All probes ship as JSON files — no internet download needed.

| Probe Set | Count | Behavior | Source |
|-----------|------:|----------|--------|
| `factual/default` | 20 | factual | Geography, science, history, biology |
| `factual/mandela` | 6 | factual | Popular false memories (Berenstain Bears, Vader quote, etc.) |
| `factual/medical` | 5 | factual | Common medical misconceptions |
| `factual/commonsense` | 10 | factual | Commonsense myths (goldfish memory, sugar hyperactivity) |
| `factual/truthfulqa` | 15 | factual | TruthfulQA-derived misconceptions |
| `bias/bbq_300` | 300 | bias | BBQ disambiguated questions (9 bias categories) |
| `sycophancy/anthropic_150` | 150 | sycophancy | Anthropic model-written-evals (philosophy, NLP, politics) |
| `toxicity/toxigen_200` | 200 | toxicity | ToxiGen toxic/benign statements (balanced) |
| `reasoning/gsm8k_100` | 100 | reasoning | GSM8K math + adversarial flattery prefixes |

Run `rho-eval --list-probes` to see all available sets.

## How It Works

### The CF90 Pipeline (Structural Sensor)

1. **Compress** Q, K, O attention projections at 70% rank via truncated SVD
2. **Freeze** 75% of layers from the bottom up
3. **Fine-tune gently** (1 epoch, lr=1e-5)

SVD removes noise from attention weight matrices while preserving signal directions important for factual knowledge. Freezing prevents catastrophic forgetting.

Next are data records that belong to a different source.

lemma tendsto_char_lacunary_sum_gauss:
  fixes b :: "nat \<Rightarrow> nat \<Rightarrow> real" and p :: "nat \<Rightarrow> nat"
  assumes b: "\<And>N. summable (\<lambda>k. \<bar>b N k\<bar>)" and b_sq: "\<And>N. (\<Sum>k. (b N k)\<^sup>2) = 1"
    and small: "\<And>e. e > 0 \<Longrightarrow> eventually (\<lambda>N. \<forall>k. \<bar>b N k\<bar> \<le> e) sequentially"
  shows "(\<lambda>N. integral {0..1} (\<lambda>x. iexp (t * lacunary_sum (b N) (2 ^ p N * x))))
    \<longlonglongrightarrow> complex_of_real (exp (- t\<^sup>2 / 2))"
proof -
  define C where "C = exp (3 * t\<^sup>2 / 2) * (6 * sqrt 3 * \<bar>t\<bar> ^ 3 + 37 * t\<^sup>2)"
  have "C \<ge> 0" unfolding C_def by simp
  have "integral {0..1} (\<lambda>x. iexp (t * lacunary_sum (b N) (2 ^ p N * x)))
      = integral {0..1} (\<lambda>z. iexp (t * lacunary_sum (b N) z))" for N
  proof (rule integral_doubling_pow_invariant[where G="\<lambda>z. iexp (t * lacunary_sum (b N) z)"])
    show "continuous_on UNIV (\<lambda>z. iexp (t * lacunary_sum (b N) z))"
      by (intro continuous_intros continuous_on_lacunary_sum b)
    show "unit_periodic (\<lambda>z. iexp (t * lacunary_sum (b N) z))"
      using unit_periodic_lacunary_sum unfolding unit_periodic_def by simp
  qed
  moreover have "(\<lambda>N. integral {0..1} (\<lambda>z. iexp (t * lacunary_sum (b N) z)))
      \<longlonglongrightarrow> complex_of_real (exp (- t\<^sup>2 / 2))"
  proof (rule tendstoI)
    fix r :: real
    assume "r > 0"
    define e where "e = r / (C + 1)"
    have "e > 0" "C * e < r"
      using \<open>r > 0\<close> \<open>C \<ge> 0\<close> by (simp_all add: e_def field_simps)
    show "eventually (\<lambda>N. dist (integral {0..1} (\<lambda>z. iexp (t * lacunary_sum (b N) z)))
        (complex_of_real (exp (- t\<^sup>2 / 2))) < r) sequentially"
      using small[OF \<open>e > 0\<close>]
    proof (rule eventually_mono)
      fix N
      assume "\<forall>k. \<bar>b N k\<bar> \<le> e"
      then have "dist (integral {0..1} (\<lambda>z. iexp (t * lacunary_sum (b N) z)))
          (complex_of_real (exp (- t\<^sup>2 / 2))) \<le> C * e"
        unfolding dist_norm C_def
        by (intro norm_char_lacunary_sum_minus_gauss_le[OF b b_sq \<open>e > 0\<close>]) auto
      with \<open>C * e < r\<close> show "dist (integral {0..1} (\<lambda>z. iexp (t * lacunary_sum (b N) z)))
          (complex_of_real (exp (- t\<^sup>2 / 2))) < r" by linarith
    qed
  qed
  ultimately show ?thesis by simp
qed

section \<open>Convergence of distribution functions\<close>

lemma cdf_std_normal_distribution:
  "cdf std_normal_distribution u = (LBINT t:{..u}. exp (- t\<^sup>2 / 2) / sqrt (2 * pi))"
proof -
  have "cdf std_normal_distribution u = integral\<^sup>L std_normal_distribution (indicator {..u})"
    by (simp add: cdf_def)
  also have "\<dots> = integral\<^sup>L lborel (\<lambda>x. std_normal_density x *\<^sub>R indicator {..u} x)"
    by (rule integral_density) auto
  also have "\<dots> = (LBINT t:{..u}. exp (- t\<^sup>2 / 2) / sqrt (2 * pi))"
    unfolding set_lebesgue_integral_def
    by (rule Bochner_Integration.integral_cong) (auto simp: std_normal_density_def)
  finally show ?thesis .
qed

lemma isCont_cdf_std_normal_distribution: "isCont (cdf std_normal_distribution) u"
proof -
  interpret real_distribution std_normal_distribution by (rule real_dist_normal_dist)
  have "measure std_normal_distribution {u} = integral\<^sup>L std_normal_distribution (indicator {u})"
    by simp
  also have "\<dots> = integral\<^sup>L lborel (\<lambda>x. std_normal_density x *\<^sub>R indicator {u} x)"
    by (rule integral_density) auto
  also have "\<dots> = 0"
    by (rule integral_eq_zero_AE) (use AE_lborel_singleton[of u] in \<open>auto elim!: AE_mp\<close>)
  finally show ?thesis by (simp add: isCont_cdf)
qed

lemma prob_space_lebesgue_on_unit_interval: "prob_space (lebesgue_on {0..1::real})"
  by (rule prob_spaceI) (simp add: emeasure_restrict_space)

lemma char_distr_lebesgue_unit_interval:
  fixes f :: "real \<Rightarrow> real"
  assumes f: "continuous_on {0..1} f"
  shows "char (distr (lebesgue_on {0..1}) borel f) t = integral {0..1} (\<lambda>x. iexp (t * f x))"
proof -
  interpret P: prob_space "lebesgue_on {0..1::real}" by (rule prob_space_lebesgue_on_unit_interval)
  have f_meas: "f \<in> borel_measurable (lebesgue_on {0..1})"
    using f by (rule continuous_imp_measurable_on_sets_lebesgue) simp
  have "continuous_on {0..1} (\<lambda>x. iexp (t * f x))" by (intro continuous_intros f)
  then have "(\<lambda>x. iexp (t * f x)) \<in> borel_measurable (lebesgue_on {0..1})"
    by (rule continuous_imp_measurable_on_sets_lebesgue) simp
  then have "integrable (lebesgue_on {0..1}) (\<lambda>x. iexp (t * f x))"
    by (intro P.integrable_const_bound[where B=1]) auto
  then have "((\<lambda>x. iexp (t * f x)) has_integral (LINT x|lebesgue_on {0..1}. iexp (t * f x))) {0..1}"
    by (rule has_integral_integral_lebesgue_on) simp
  moreover have "char (distr (lebesgue_on {0..1}) borel f) t = (LINT x|lebesgue_on {0..1}. iexp (t * f x))"
    unfolding char_def by (rule integral_distr[OF f_meas]) (intro borel_measurable_continuous_onI continuous_intros)
  ultimately show ?thesis by (simp add: integral_unique)
qed

lemma tendsto_measure_le_std_normal_cdf:
  fixes F :: "nat \<Rightarrow> real \<Rightarrow> real"
  assumes F: "\<And>N. continuous_on {0..1} (F N)"
    and char: "\<And>t. (\<lambda>N. integral {0..1} (\<lambda>x. iexp (t * F N x))) \<longlonglongrightarrow> complex_of_real (exp (- t\<^sup>2 / 2))"
  shows "(\<lambda>N. measure lebesgue {x \<in> {0..1}. F N x \<le> u})
    \<longlonglongrightarrow> (LBINT t:{..u}. exp (- t\<^sup>2 / 2) / sqrt (2 * pi))"
proof -
  define M where "M N = distr (lebesgue_on {0..1}) borel (F N)" for N
  have F_meas: "F N \<in> borel_measurable (lebesgue_on {0..1})" for N
    using F by (rule continuous_imp_measurable_on_sets_lebesgue) simp
  have M: "real_distribution (M N)" for N
    unfolding M_def by (rule prob_space.real_distribution_distr[OF prob_space_lebesgue_on_unit_interval F_meas])
  have "weak_conv_m M std_normal_distribution"
    using char by (intro levy_continuity[OF M real_dist_normal_dist])
      (simp add: M_def char_distr_lebesgue_unit_interval[OF F] char_std_normal_distribution)
  then have "(\<lambda>N. cdf (M N) u) \<longlonglongrightarrow> cdf std_normal_distribution u"
    using isCont_cdf_std_normal_distribution unfolding weak_conv_m_def weak_conv_def by blast
  moreover have "cdf (M N) u = measure lebesgue {x \<in> {0..1}. F N x \<le> u}" for N
  proof -
    have "cdf (M N) u = measure (lebesgue_on {0..1}) (F N -` {..u} \<inter> space (lebesgue_on {0..1}))"
      unfolding cdf_def M_def by (rule measure_distr[OF F_meas]) simp
    also have "F N -` {..u} \<inter> space (lebesgue_on {0..1}) = {x \<in> {0..1}. F N x \<le> u}"
      by auto
    also have "measure (lebesgue_on {0..1}) {x \<in> {0..1}. F N x \<le> u} = measure lebesgue {x \<in> {0..1}. F N x \<le> u}"
      by (rule measure_restrict_space) auto
    finally show ?thesis .
  qed
  ultimately show ?thesis by (simp add: cdf_std_normal_distribution)
qed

### Confidence Cartography (Behavioral Sensor)

For each token in a text, measure the probability the model assigns to it (teacher-forced). True statements get higher confidence than false ones. The ratio between true/false confidence is a behavioral signal for whether the model "believes" a fact.

### The Unification

Both use the same probes:
- **SVD importance scoring** runs forward+backward on probe texts to compute gradient magnitudes — which weights matter for encoding these facts
- **Confidence auditing** runs a forward pass on true vs false versions of the same probes — does the model assign higher probability to truth?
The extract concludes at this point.